Transcribe the data below exactly, but only from the line containing "size \<open>n r\<close>, and" through its final line, both included.

### SOURCE DATA:
* * *
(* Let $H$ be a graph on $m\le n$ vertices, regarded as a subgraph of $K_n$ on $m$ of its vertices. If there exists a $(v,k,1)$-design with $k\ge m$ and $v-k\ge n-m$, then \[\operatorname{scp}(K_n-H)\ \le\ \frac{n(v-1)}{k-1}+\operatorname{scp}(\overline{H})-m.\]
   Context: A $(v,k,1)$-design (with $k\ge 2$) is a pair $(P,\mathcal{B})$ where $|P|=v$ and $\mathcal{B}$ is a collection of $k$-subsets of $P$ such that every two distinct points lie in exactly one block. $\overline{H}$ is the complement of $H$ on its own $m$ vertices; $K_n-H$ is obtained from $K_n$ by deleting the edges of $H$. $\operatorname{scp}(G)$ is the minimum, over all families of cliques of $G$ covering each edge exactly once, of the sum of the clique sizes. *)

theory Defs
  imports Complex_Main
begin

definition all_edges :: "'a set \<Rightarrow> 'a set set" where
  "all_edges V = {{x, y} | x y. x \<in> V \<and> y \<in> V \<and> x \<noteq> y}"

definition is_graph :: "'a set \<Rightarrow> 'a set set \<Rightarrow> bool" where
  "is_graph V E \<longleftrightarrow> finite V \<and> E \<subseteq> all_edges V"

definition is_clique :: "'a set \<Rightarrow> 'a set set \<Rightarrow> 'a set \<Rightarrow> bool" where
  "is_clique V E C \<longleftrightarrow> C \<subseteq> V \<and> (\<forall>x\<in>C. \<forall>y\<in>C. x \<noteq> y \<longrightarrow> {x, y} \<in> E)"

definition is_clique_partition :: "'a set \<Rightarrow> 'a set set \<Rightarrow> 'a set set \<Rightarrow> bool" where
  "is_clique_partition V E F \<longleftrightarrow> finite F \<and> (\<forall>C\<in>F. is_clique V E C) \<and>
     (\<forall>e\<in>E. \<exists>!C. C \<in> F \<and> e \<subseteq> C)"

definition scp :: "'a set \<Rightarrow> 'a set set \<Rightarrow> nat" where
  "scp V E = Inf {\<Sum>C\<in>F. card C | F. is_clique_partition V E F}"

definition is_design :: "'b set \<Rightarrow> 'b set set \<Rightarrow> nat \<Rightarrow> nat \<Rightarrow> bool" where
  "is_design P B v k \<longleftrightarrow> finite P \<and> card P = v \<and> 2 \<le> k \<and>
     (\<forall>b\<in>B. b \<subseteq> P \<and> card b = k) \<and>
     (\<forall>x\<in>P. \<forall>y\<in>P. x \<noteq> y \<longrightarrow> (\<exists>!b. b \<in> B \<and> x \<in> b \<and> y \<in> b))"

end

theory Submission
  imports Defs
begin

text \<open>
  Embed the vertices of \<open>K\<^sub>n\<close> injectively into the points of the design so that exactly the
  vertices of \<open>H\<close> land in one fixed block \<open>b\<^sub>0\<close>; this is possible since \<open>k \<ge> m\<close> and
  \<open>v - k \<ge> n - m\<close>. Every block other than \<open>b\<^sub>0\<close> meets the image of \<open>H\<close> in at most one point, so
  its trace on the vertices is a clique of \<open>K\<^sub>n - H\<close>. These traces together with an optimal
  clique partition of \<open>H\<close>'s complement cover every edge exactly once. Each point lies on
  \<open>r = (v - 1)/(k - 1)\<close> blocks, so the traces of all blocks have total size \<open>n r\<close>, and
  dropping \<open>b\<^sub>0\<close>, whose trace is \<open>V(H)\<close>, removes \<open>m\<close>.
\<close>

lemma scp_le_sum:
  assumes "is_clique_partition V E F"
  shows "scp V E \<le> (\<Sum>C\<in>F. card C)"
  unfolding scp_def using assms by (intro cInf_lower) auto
* * *
### SOLUTION FOR THIS EXERCISE:
  \<open>r = (v - 1)/(k - 1)\<close> blocks, so the traces of all blocks have total size \<open>n r\<close>, and
  dropping \<open>b\<^sub>0\<close>, whose trace is \<open>V(H)\<close>, removes \<open>m\<close>.
\<close>

lemma scp_le_sum:
  assumes "is_clique_partition V E F"
  shows "scp V E \<le> (\<Sum>C\<in>F. card C)"
  unfolding scp_def using assms by (intro cInf_lower) auto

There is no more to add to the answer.